Hakeliges Miteinander: FDP-Chef Lindner, Grünen-Chefin Lang und der FDP-Vorsitzende Klingbeil. Foto: dpa/Michael Kappeler

Mit ihrem Leitantrag für den Bundesparteitag untermauert die FDP ihren ungeschmeidigen Kurs in der Berliner Koalition. Alles folgt dem Kalkül: Zoff zahlt sich aus.

Die FDP durchlebt gerade wieder einmal eine Misere, die ihr aus ihrer langen Geschichte als Regierungspartei nur allzu vertraut ist: Seit sie in der Ampelkoalition mit am Kabinettstisch sitzt, sacken die Umfragewerte in den Keller. Bei Landtagswahlen hat sie eine Pleiteserie erlebt, die sich demnächst fortsetzen könnte. Dennoch muss Christian Lindner, Parteichef und Bundesfinanzminister, nicht befürchten, auf dem Parteitag, der an diesem Freitag in Berlin beginnt, abgestraft zu werden. Ganz im Gegenteil.

Unter Lindners Regie haben die Liberalen zuletzt bei populären Themen gepunktet: mit einem Veto gegen das europaweite Verbot von Verbrennermotoren, durch eine Notbremsung bei der Modernisierung von Heizungen, kritische Einwände gegen den finalen Atomausstieg und eine Kurskorrektur in der Klimapolitik mit dem Ziel, Machbarkeit und Akzeptanz in der Bevölkerung nicht aus dem Blick zu verlieren.

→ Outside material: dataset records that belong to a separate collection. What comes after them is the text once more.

(* Let $n\ge3$, $a>0$, $0<b<a/n$, $X=\{x\in\mathbb R^n:\sum_{i=1}^nx_i=a,\ x_i\ge b,\ i=1,\dots,n\}$, $p=1+1/\ln n$, $\gamma=1/(e\ln n)$ and $\omega(x)=\frac1{p\gamma}\sum_{i=1}^n|x_i|^p$. With $\|\cdot\|=\|\cdot\|_1$: (i) $\omega$ is strongly convex on $X$ with modulus $\mu(\omega)=\frac{e}{n\,a^{2-p}}$, i.e. $(\omega'(x)-\omega'(y))^\top(x-y)\ge\frac{e}{na^{2-p}}\|x-y\|_1^2$ for all $x,y\in X$; (ii) $D_{\omega,X}:=\sqrt{2[\max_X\omega-\min_X\omega]}\le\sqrt{\frac{2a^p}{p\gamma}\big(1-n^{-1/\ln n}\big)}$; (iii) for all $x,y\in X$, $V_x(y)\le\frac12M(\omega)\|x-y\|_1^2$ with $M(\omega)=\frac{e}{b^{1-1/\ln n}}$, where $V_x(y)=\omega(y)-\omega(x)-(y-x)^\top\nabla\omega(x)$.
   Context: $e=\exp(1)$; $\|x\|_1=\sum_i|x_i|$. *)

theory Defs
  imports "HOL-Analysis.Analysis"
begin

definition norm1 :: "real ^ 'n \<Rightarrow> real" where
  "norm1 x = (\<Sum>i\<in>UNIV. \<bar>x $ i\<bar>)"

definition simplexX :: "real \<Rightarrow> real \<Rightarrow> (real ^ 'n) set" where
  "simplexX a b = {x. (\<Sum>i\<in>UNIV. x $ i) = a \<and> (\<forall>i. x $ i \<ge> b)}"

definition pexp :: "nat \<Rightarrow> real" where
  "pexp n = 1 + 1 / ln (real n)"

definition gam :: "nat \<Rightarrow> real" where
  "gam n = 1 / (exp 1 * ln (real n))"

definition omega :: "real ^ 'n \<Rightarrow> real" where
  "omega x = 1 / (pexp CARD('n) * gam CARD('n)) * (\<Sum>i\<in>UNIV. \<bar>x $ i\<bar> powr pexp CARD('n))"

definition Dom :: "(real ^ 'n \<Rightarrow> real) \<Rightarrow> (real ^ 'n) set \<Rightarrow> real" where
  "Dom w X = sqrt (2 * ((SUP x\<in>X. w x) - (INF x\<in>X. w x)))"

definition bregV :: "(real ^ 'n \<Rightarrow> real) \<Rightarrow> (real ^ 'n \<Rightarrow> real ^ 'n) \<Rightarrow> real ^ 'n \<Rightarrow> real ^ 'n \<Rightarrow> real" where
  "bregV w g x y = w y - w x - (y - x) \<bullet> g x"

end

theory Submission
  imports Defs
begin

text \<open>
  Everything is reduced to one-dimensional facts about \<open>t \<mapsto> t powr p\<close> on \<open>(0, \<infinity>)\<close>:
  the Lagrange form of its second-order Taylor expansion gives convexity (tangent lines lie
  below) and, since \<open>p \<le> 2\<close>, an upper bound for the Taylor remainder on \<open>[b, \<infinity>)\<close>; the mean
  value theorem gives strong monotonicity of \<open>t \<mapsto> t powr (p - 1)\<close> on \<open>(0, a]\<close>.
  Summing over coordinates and comparing \<open>\<Sum> z\<^sub>i\<^sup>2\<close> with \<open>\<parallel>z\<parallel>\<^sub>1\<^sup>2\<close> (in both directions)
  yields the strong convexity (i) and Bregman bound (iii); bounding the power sum on \<open>X\<close> above
  by \<open>a\<^sup>p\<close> (coordinates are at most \<open>a\<close>) and below by its value at the barycentre (convexity)
  yields (ii). The given gradient coincides on \<open>X\<close> with the explicit gradient
  \<open>omega_grad\<close> by uniqueness of derivatives, and \<open>n \<ge> 3 > e\<close> makes \<open>ln n > 1\<close>, i.e.
  \<open>1 < p \<le> 2\<close>, which is where the dimension hypothesis enters.
\<close>

lemma powr_taylor2:
  fixes u v p :: real
  assumes u: "0 < u" and v: "0 < v" and uv: "u \<noteq> v"
  obtains t where "min u v < t" "t < max u v"
    "v powr p = u powr p + p * u powr (p - 1) * (v - u) + p * (p - 1) / 2 * t powr (p - 2) * (v - u)\<^sup>2"
proof -
  define D where "D = (\<lambda>m::nat. if m = 0 then (\<lambda>t::real. t powr p)
     else if m = 1 then (\<lambda>t. p * t powr (p - 1)) else (\<lambda>t. p * (p - 1) * t powr (p - 2)))"
  have "\<forall>m t. m < 2 \<and> min u v \<le> t \<and> t \<le> max u v \<longrightarrow> (D m has_real_derivative D (Suc m) t) (at t)"
  proof (intro allI impI)
    fix m :: nat and t :: real
    assume m_t: "m < 2 \<and> min u v \<le> t \<and> t \<le> max u v"
    then have "0 < t" using u v by linarith
    from m_t consider "m = 0" | "m = 1" by linarith
    then show "(D m has_real_derivative D (Suc m) t) (at t)"
      by cases (use \<open>0 < t\<close> in \<open>auto simp: D_def algebra_simps
          intro!: derivative_eq_intros has_real_derivative_powr\<close>)
  qed
  from Taylor[of 2 D "D 0" "min u v" "max u v" u v, OF _ _ this] uv obtain t
    where t: "if v < u then v < t \<and> t < u else u < t \<and> t < v"
      and expansion: "D 0 v = (\<Sum>m<2. D m u / fact m * (v - u) ^ m) + D 2 t / fact 2 * (v - u)\<^sup>2"
    by auto
  show thesis
    by (rule that[of t]) (use t expansion in \<open>auto simp: D_def numeral_2_eq_2 split: if_splits\<close>)
qed
text \<open>Tannery's theorem, with the majorant supplied by geometric domination.\<close>

lemma ratio_tail_sum_tendsto:
  fixes a :: "nat \<Rightarrow> real"
  assumes mono: "mono a" and nonneg: "\<And>n. 0 \<le> a n" and pos: "eventually (\<lambda>n. 0 < a n) sequentially"
    and ratio: "(\<lambda>n. a n / a (Suc n)) \<longlonglongrightarrow> r" and "r < 1"
  shows "(\<lambda>n. (\<Sum>h<n. a (n - Suc h)) / a n) \<longlonglongrightarrow> r / (1 - r)"
proof -
  have "0 \<le> r"
    using nonneg by (intro LIMSEQ_le_const[OF ratio]) auto
  define q where "q = (1 + r) / 2"
  have q: "r < q" "0 < q" "q < 1"
    using \<open>0 \<le> r\<close> \<open>r < 1\<close> by (auto simp: q_def)
  then obtain C where "C > 0" and C: "\<And>j n. j \<le> n \<Longrightarrow> a j \<le> C * q ^ (n - j) * a n"
    using ratio_geometric_domination[OF mono nonneg ratio q(1,2) less_imp_le[OF q(3)]] by blast
  define A where "A h n = (if h < n then a (n - Suc h) / a n else 0)" for h n
  have "(\<lambda>n. a (n - Suc h) / a n) \<longlonglongrightarrow> r ^ Suc h" for h
    using pos by (intro ratio_back_tendsto[OF ratio]) (auto elim: eventually_mono)
  hence lim: "(\<lambda>n. A h n) \<longlonglongrightarrow> r ^ Suc h" for h
    by (rule Lim_transform_eventually)
       (use eventually_gt_at_top[of h] in \<open>eventually_elim, simp add: A_def\<close>)
  have "norm (A h n) \<le> C * q ^ Suc h" for h n
  proof (cases "h < n")
    case True
    have "a (n - Suc h) \<le> C * q ^ Suc h * a n"
      using C[of "n - Suc h" n] True by simp
    moreover have "0 \<le> a (n - Suc h)" "0 \<le> a n" by (fact nonneg)+
    ultimately show ?thesis
      using True \<open>C > 0\<close> q by (auto simp: A_def divide_le_eq)
  qed (use \<open>C > 0\<close> q in \<open>simp add: A_def\<close>)
  hence bound: "eventually (\<lambda>(h, n). norm (A h n) \<le> C * q ^ Suc h) (at_top \<times>\<^sub>F sequentially)"
    by (simp add: always_eventually)
  have "summable (\<lambda>h. C * q ^ Suc h)"
    using q by (intro summable_mult) simp
  from tannerys_theorem[OF lim bound this sequentially_bot]
  have "(\<lambda>n. \<Sum>h. A h n) \<longlonglongrightarrow> (\<Sum>h. r ^ Suc h)"
    by blast
  moreover have "(\<Sum>h. A h n) = (\<Sum>h<n. a (n - Suc h)) / a n" for n
  proof -
    have "(\<Sum>h. A h n) = (\<Sum>h<n. A h n)"
      by (rule suminf_finite) (auto simp: A_def)
    thus ?thesis
      by (simp add: A_def sum_divide_distrib)
  qed
  moreover have "(\<Sum>h. r ^ Suc h) = r / (1 - r)"
    using suminf_geometric[of r] summable_geometric[of r] \<open>0 \<le> r\<close> \<open>r < 1\<close>
    by (simp add: suminf_mult)
  ultimately show ?thesis by simp
qed

lemma ratio_tendsto_of_scaled_tendsto:
  fixes y :: "nat \<Rightarrow> complex" and c :: "nat \<Rightarrow> real"
  assumes lim: "(\<lambda>n. y n * of_real r ^ n / of_real (c n)) \<longlonglongrightarrow> L" and "L \<noteq> 0"
    and c: "(\<lambda>n. c n / c (Suc n)) \<longlonglongrightarrow> 1" "\<And>n. c n \<noteq> 0" and "r \<noteq> 0"
  shows "(\<lambda>n. y n / y (Suc n)) \<longlonglongrightarrow> of_real r"
proof -
  define D where "D n = y n * of_real r ^ n / of_real (c n)" for n
  have "(\<lambda>n. D n / D (Suc n) * of_real (c n / c (Suc n)) * of_real r) \<longlonglongrightarrow> L / L * of_real 1 * of_real r"
    unfolding D_def using \<open>L \<noteq> 0\<close>
    by (intro tendsto_intros lim c(1) LIMSEQ_Suc[OF lim])
  moreover have "D n / D (Suc n) * of_real (c n / c (Suc n)) * of_real r = y n / y (Suc n)" for n
    using c(2)[of n] c(2)[of "Suc n"] \<open>r \<noteq> 0\<close> by (simp add: D_def field_simps)
  ultimately show ?thesis
    using \<open>L \<noteq> 0\<close> by simp
qed

section \<open>Coefficients of \<open>\<surd>(1 - z)\<close>\<close>

definition sqrt_coeff :: "nat \<Rightarrow> real" where
  "sqrt_coeff j = pochhammer (-1/2) j / fact j"

lemma sqrt_coeff_0 [simp]: "sqrt_coeff 0 = 1"
  by (simp add: sqrt_coeff_def)

lemma sqrt_coeff_Suc: "sqrt_coeff (Suc j) = sqrt_coeff j * ((real j - 1/2) / (real j + 1))"
  by (simp add: sqrt_coeff_def pochhammer_Suc field_simps)

lemma sqrt_coeff_nonzero: "sqrt_coeff j \<noteq> 0"
proof -
  have "(-1/2 :: real) \<noteq> - of_nat k" for k
    by (cases k) auto
  thus ?thesis by (simp add: sqrt_coeff_def pochhammer_eq_0_iff)
qed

FDP wieder durchsetzungsstark

Demoskopisch zahlt sich das bis jetzt nur in homöopathischen Dosen aus: Die Umfragewerte bewegen sich wieder Richtung acht Prozent – sind aber noch weit entfernt vom Ergebnis der letzten Bundestagswahl (11,5 Prozent). Meinungsforscher von Infratest dimap haben aber herausgefunden, dass plötzlich fast jeder dritte Wahlberechtigte die FDP wieder als durchsetzungsstark wahrnimmt. Mit einem koalitionsinternen Krawallkurs steigt offenbar das Ansehen des kleinsten der drei Ampelpartner.

Mit ihrem Leitantrag untermauern die Liberalen das durch Akzente, die für eine eigenwillige, wenig koalitionsfreundliche Taktik sprechen: Sie zeigen sich stur – oder prinzipientreu – bei der Verweigerung von Steuererhöhungen. „Zu lange wurde der Wohlstand nur verteilt, ohne zu fragen, wo er herkommt“, lautet ihre Antwort auf rot-grüne Fürsorgepolitik. Zudem wollen die Freidemokraten „das Geschäftsmodell Deutschland erneuern“, indem sie auf Technologiefreiheit statt Verbote in der Klimapolitik sowie auf die „nächste Generation“ der Kerntechnik, auf E-Fuels statt alternativlose Elektrifizierung im Verkehr und auf Gentechnik in der Landwirtschaft setzen. Den Sozialstaat, den Grüne und Sozialdemokraten gerne weiter düngen würden, stellen sich die Liberalen „smarter“ vor. Ihre Alternative: Sie wollen „Anreize zur Erwerbstätigkeit weiter steigern“, statt ständig neue Wohltaten zu erfinden.

Personalien könnten ungeachtet der gesicherten Wiederwahl Lindners auf dem Konvent immerhin Gesprächsstoff liefern: Schwächt die Kür der scharfzüngigen Verteidigungsexpertin Marie-Agnes Strack-Zimmermann zur Spitzenkandidatin bei der Europawahl 2024 die FDP-Flanke der Ampel? Die Liberalen erhoffen sich von ihr aber einen größeren Mehrwert auf europäischem Parkett, wo sie zuletzt nur 5,4 Prozent erzielt hatten. Und wie lange kann sich die FDP noch einen Nonkonformisten wie Wolfgang Kubicki in führender Rolle leisten? Der Altliberale Gerhart Baum fordert den notorischen Provokateur auf, nicht mehr für die Parteispitze zu kandidieren.